The factor Xa inhibitor fondaparinux, though FDA approved for DVT prophylaxis,¹¹ has not yet been systematically investigated for the treatment of HIT; thus, its use for this indication is considered off-label.²⁹ However, small studies have shown no cross-reactivity between fondaparinux and PF4 antibodies.³⁰ Due to the positive risk/benefit ratio, ease of use, and reduced need for monitoring in patients taking fondaparinux, it is considered an attractive alternative to DTIs that may receive approval in the near future.^12,18,20,29

Currently, the ACCP limits its recommendation of fondaparinux use to patients with a previous history of HIT who require anticoagulation for an acute thrombotic event unrelated to HIT (grade 2C recommendation).⁵

The vitamin K antagonist warfarin is absolutely contraindicated in patients with HIT until the platelet count is at least 150,000/mm³, due to the risk for warfarin-induced skin necrosis and venous gangrene.^9,15 If a patient is receiving warfarin at diagnosis, vitamin K (10 mg orally or 5 to 10 mg IV) should be administered.¹⁵

The patient should remain on the alternative non-heparin anticoagulant until the platelet count has stabilized at or above 150,000/mm³. Warfarin should then be started at a maximum of 5 mg/d.^2,5 The non-heparin anticoagulant and warfarin should be continued until a therapeutic international normalized ratio (INR) is reached and maintained for 48 hours, with a minimum 5-day overlap of the two medications. Once the non-heparin anticoagulant is discontinued, the INR should be reevaluated for remaining within the therapeutic range, as DTIs can elevate the INR.^2,5Warfarin should be continued for as long as four weeks, with frequent INR monitoring.¹⁵

 

 

Patient Education

The presence of PF4 antibodies is transient (50 to 80 days); however, concern persists regarding recurrent antibody development with subsequent heparin use. Thus, an alternative anticoagulant should be used whenever possible. Patients who have been diagnosed with HIT should be advised to inform future health care professionals regarding their need for alternative anticoagulation whenever possible.

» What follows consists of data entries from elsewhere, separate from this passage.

lemma constant_on_if_eventually_eq_nhds:
  assumes "connected S" "\<And>a. a \<in> S \<Longrightarrow> \<forall>\<^sub>F x in nhds a. g x = g a"
  shows "g constant_on S"
proof (rule locally_constant_imp_constant[OF assms(1)])
  fix a assume "a \<in> S"
  then obtain U where "open U" "a \<in> U" "\<forall>x\<in>U. g x = g a"
    using assms(2) unfolding eventually_nhds by blast
  moreover have "openin (top_of_set S) (S \<inter> U)"
    using \<open>open U\<close> by (rule openin_open_Int)
  ultimately show "\<exists>T. openin (top_of_set S) T \<and> a \<in> T \<and> (\<forall>x\<in>T. g x = g a)"
    using \<open>a \<in> S\<close> by blast
qed

lemma card_fibre_constant_on_component:
  fixes f :: "'a::euclidean_space \<Rightarrow> 'a"
  assumes cont: "continuous_on UNIV f" and "closed B"
    and locinj: "\<And>x. f x \<notin> B \<Longrightarrow> \<exists>r>0. inj_on f (ball x r)"
    and R: "R \<in> components (- f -` B)" "bounded R"
    and \<Omega>: "\<Omega> \<in> components (- B)"
  obtains N where "\<And>w. w \<in> \<Omega> \<Longrightarrow> finite (f -` {w} \<inter> R) \<and> card (f -` {w} \<inter> R) = N"
proof -
  have "open (- f -` B)"
    using cont \<open>closed B\<close> by (rule open_Compl_vimage_closed)
  have in_R: "y \<in> R" if y: "y \<in> closure R" "f y \<in> \<Omega>" for y
  proof -
    have "y \<in> - f -` B"
      using y(2) in_components_subset[OF \<Omega>] by auto
    then show ?thesis
      using closure_component_Int_open[OF \<open>open (- f -` B)\<close> R(1)] y(1) by (metis IntI)
  qed
  have loc: "\<exists>r>0. inj_on f (ball y r) \<and> ball y r - {y} \<subseteq> R"
    if y: "y \<in> closure R" "f y \<in> \<Omega>" for y
  proof -
    obtain r1 where "r1 > 0" "inj_on f (ball y r1)"
      using locinj y(2) in_components_subset[OF \<Omega>] by blast
    moreover obtain r2 where "r2 > 0" "ball y r2 \<subseteq> R"
      using in_R[OF y] open_components[OF \<open>open (- f -` B)\<close> R(1)] open_contains_ball by blast
    ultimately show ?thesis
      by (intro exI[of _ "min r1 r2"]) (auto intro: inj_on_subset)
  qed
  have fibre: "f -` {w} \<inter> closure R = f -` {w} \<inter> R" if "w \<in> \<Omega>" for w
    using that closure_subset[of R] by (auto intro: in_R)
  have "(\<lambda>w. card (f -` {w} \<inter> R)) constant_on \<Omega>"
  proof (rule constant_on_if_eventually_eq_nhds)
    show "connected \<Omega>"
      by (rule in_components_connected[OF \<Omega>])
    fix w assume "w \<in> \<Omega>"
    have "\<forall>\<^sub>F w' in at w. finite (f -` {w'} \<inter> R) \<and> card (f -` {w'} \<inter> R) = card (f -` {w} \<inter> closure R)"
      using cont compact_closure[THEN iffD2, OF R(2)] closure_subset
      by (rule eventually_card_fibre_eq) (use loc \<open>w \<in> \<Omega>\<close> in blast)
    then show "\<forall>\<^sub>F w' in nhds w. card (f -` {w'} \<inter> R) = card (f -` {w} \<inter> R)"
      unfolding eventually_at_filter fibre[OF \<open>w \<in> \<Omega>\<close>] by (rule eventually_mono) auto
  qed
  then obtain N where "\<And>w. w \<in> \<Omega> \<Longrightarrow> card (f -` {w} \<inter> R) = N"
    unfolding constant_on_def by blast
  moreover have "finite (f -` {w} \<inter> R)" if "w \<in> \<Omega>" for w
    using continuous_on_subset[OF cont subset_UNIV] compact_closure[THEN iffD2, OF R(2)]
    unfolding fibre[OF that, symmetric] by (rule finite_fibre_if_locally_injective) (use loc that in blast)
  ultimately show ?thesis
    using that by blast
qed

lemma frontier_fibre_locally_in_component:
  fixes f :: "'a::euclidean_space \<Rightarrow> 'a"
  assumes "2 \<le> DIM('a)" and cont: "continuous_on UNIV f" and "closed B"
    and R: "R \<in> components (- f -` B)"
    and \<Omega>: "\<Omega> \<in> components (- B)" "f ` R = \<Omega>"
    and w0: "w0 \<in> frontier \<Omega>" "ball w0 e \<inter> frontier \<Omega> = {w0}"
    and locinj0: "\<And>y. y \<in> frontier R \<Longrightarrow> f y = w0 \<Longrightarrow> \<exists>r>0. inj_on f (ball y r)"
  shows "f -` {w0} \<inter> frontier R = f -` {w0} \<inter> closure R"
    and "\<And>y. y \<in> closure R \<Longrightarrow> f y = w0 \<Longrightarrow> \<exists>r>0. inj_on f (ball y r) \<and> ball y r - {y} \<subseteq> R"
proof -
  have "open R"
    using open_components[OF open_Compl_vimage_closed[OF cont \<open>closed B\<close>] R] .
  have "open \<Omega>"
    using open_components[OF _ \<Omega>(1)] \<open>closed B\<close> by (simp add: open_Compl)
  have "w0 \<notin> \<Omega>"
    using w0(1) \<open>open \<Omega>\<close> by (simp add: frontier_def interior_open)
  then show P: "f -` {w0} \<inter> frontier R = f -` {w0} \<inter> closure R"
    using \<Omega>(2) \<open>open R\<close> by (auto simp: frontier_def interior_open)
  fix y assume y: "y \<in> closure R" "f y = w0"
  have "e > 0"
    using w0(2) by auto
  obtain r0 where "r0 > 0" "inj_on f (ball y r0)"
    using locinj0 y P by blast
  moreover have "ball (f y) e - {f y} \<subseteq> - B"
    using punctured_ball_subset_if_isolated_in_frontier[OF assms(1) \<open>open \<Omega>\<close> w0] y(2)
      in_components_subset[OF \<Omega>(1)] by blast
  moreover have "isCont f y"
    using cont by (simp add: continuous_on_eq_continuous_at)
  ultimately obtain r where "r > 0" "inj_on f (ball y r)" "ball y r - {y} \<subseteq> R"
    using punctured_ball_subset_component[OF assms(1) _ R y(1) \<open>e > 0\<close>] by blast
  then show "\<exists>r>0. inj_on f (ball y r) \<and> ball y r - {y} \<subseteq> R"
    by blast
qed

lemma frontier_fibre_over_isolated_frontier_point:
  fixes f :: "'a::euclidean_space \<Rightarrow> 'a"
  assumes "2 \<le> DIM('a)" and cont: "continuous_on UNIV f" and "closed B"
    and R: "R \<in> components (- f -` B)" "bounded R"
    and \<Omega>: "\<Omega> \<in> components (- B)" "f ` R = \<Omega>"
    and w0: "w0 \<in> frontier \<Omega>" "ball w0 e \<inter> frontier \<Omega> = {w0}"
    and locinj0: "\<And>y. y \<in> frontier R \<Longrightarrow> f y = w0 \<Longrightarrow> \<exists>r>0. inj_on f (ball y r)"
    and N: "\<And>w. w \<in> \<Omega> \<Longrightarrow> finite (f -` {w} \<inter> R) \<and> card (f -` {w} \<inter> R) = N"
  shows "finite (f -` {w0} \<inter> frontier R) \<and> card (f -` {w0} \<inter> frontier R) = N"
    and "\<And>z. z \<in> f -` {w0} \<inter> frontier R \<Longrightarrow> \<exists>e>0. ball z e \<inter> frontier R = {z}"
proof -
  note P = frontier_fibre_locally_in_component(1)[OF assms(1) cont \<open>closed B\<close> R(1) \<Omega> w0 locinj0]
  note loc0 = frontier_fibre_locally_in_component(2)[OF assms(1) cont \<open>closed B\<close> R(1) \<Omega> w0 locinj0]
  show "\<exists>e>0. ball z e \<inter> frontier R = {z}" if z: "z \<in> f -` {w0} \<inter> frontier R" for z
  proof -
    obtain r where "r > 0" "ball z r - {z} \<subseteq> R"
      using loc0 z P by blast
    moreover have "R \<inter> frontier R = {}"
      using open_components[OF open_Compl_vimage_closed[OF cont \<open>closed B\<close>] R(1)]
      by (simp add: frontier_def interior_open)
    ultimately show ?thesis
      using z by (intro exI[of _ r]) auto
  qed
  have "open \<Omega>"
    using open_components[OF _ \<Omega>(1)] \<open>closed B\<close> by (simp add: open_Compl)
  have "e > 0"
    using w0(2) by auto
  have "\<forall>\<^sub>F w' in at w0. w' \<in> \<Omega>"
    using punctured_ball_subset_if_isolated_in_frontier[OF assms(1) \<open>open \<Omega>\<close> w0] \<open>e > 0\<close>
    unfolding eventually_at by (intro exI[of _ e]) (auto simp: dist_commute subset_iff)
  moreover have "\<forall>\<^sub>F w' in at w0. finite (f -` {w'} \<inter> R) \<and> card (f -` {w'} \<inter> R) = card (f -` {w0} \<inter> closure R)"
    using cont compact_closure[THEN iffD2, OF R(2)] closure_subset
    by (rule eventually_card_fibre_eq) (use loc0 in blast)
  ultimately have "\<forall>\<^sub>F w' in at w0. w' \<in> \<Omega> \<and> card (f -` {w'} \<inter> R) = card (f -` {w0} \<inter> closure R)"
    by eventually_elim blast
  then obtain w' where "w' \<in> \<Omega>" "card (f -` {w'} \<inter> R) = card (f -` {w0} \<inter> closure R)"
    using eventually_happens'[OF at_neq_bot] by blast
  then have "card (f -` {w0} \<inter> closure R) = N"
    using N by simp
  moreover have "finite (f -` {w0} \<inter> closure R)"
    using continuous_on_subset[OF cont subset_UNIV] compact_closure[THEN iffD2, OF R(2)]
    by (rule finite_fibre_if_locally_injective) (use loc0 in blast)
  ultimately show "finite (f -` {w0} \<inter> frontier R) \<and> card (f -` {w0} \<inter> frontier R) = N"
    using P by simp
qed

Patients should also be made aware that when the risk for DTI-associated bleeding is too great (as in the case of cardiac surgery), heparin remains the anticoagulant of choice.^9,15

Conclusion

Heparin-induced thrombocytopenia is a transient development of antibodies to heparin. While the condition carries a high risk for morbidity and mortality, early detection and prompt treatment can greatly reduce the associated risk to life and limb.

References

1. Kanaan AO, Al-Homsi AS. Heparin-induced thrombocytopenia: pathophysiology, diagnosis, and review of pharmacotherapy. J Pharm Pract. 2009;22:149-157.

2. LaMuraglia GM, Houbballah R, Laposata M. The identification and management of heparin-induced thrombocytopenia in the vascular patient. J Vasc Surg. 2012;55:562-570.

3. Rauova L, Zhai L, Kowalska MA, et al. Role of platelet surface PF4 antigenic complexes in heparin-induced thrombocytopenia pathogenesis: diagnostic and therapeutic implications. Blood. 2006;107:2346-2353.

4. Suvarna S, Espinasse B, Qi R, et al. Determinants of PF4/heparin immunogenicity. Blood. 2007;110:4253-4260.

5. Linkins LA, Dans AL, Moores LK, et al. Treatment and prevention of heparin-induced thrombocytopenia: antithrombotic therapy and prevention of thrombosis, 9th ed: American College of Chest Physicians Evidence-Based Clinical Practice Guidelines. Chest. 2012;141(2 suppl):e495S-e530S.

6. Demma LJ, Winkler AM, Levy JH. A diagnosis of heparin-induced thrombocytopenia with combined clinical and laboratory methods in cardiothoracic surgical intensive care unit patients. Anesth Analg. 2011;113:697-702.

7. Demma LJ, Levy JH. Diagnosing heparin-induced thrombocytopenia in cardiac surgical patients: not as easy as you think. Anesth Analg. 2011;112:747-749.

8. Alaraj A, Wallace A, Tesoro E, et al. Heparin-induced thrombocytopenia: diagnosis and management. J Neurointervent Surg. 2010;2:371-378.

9. Arepally GM, Ortel TL. Heparin-induced thrombocytopenia. N Engl J Med. 2006;355:809-817.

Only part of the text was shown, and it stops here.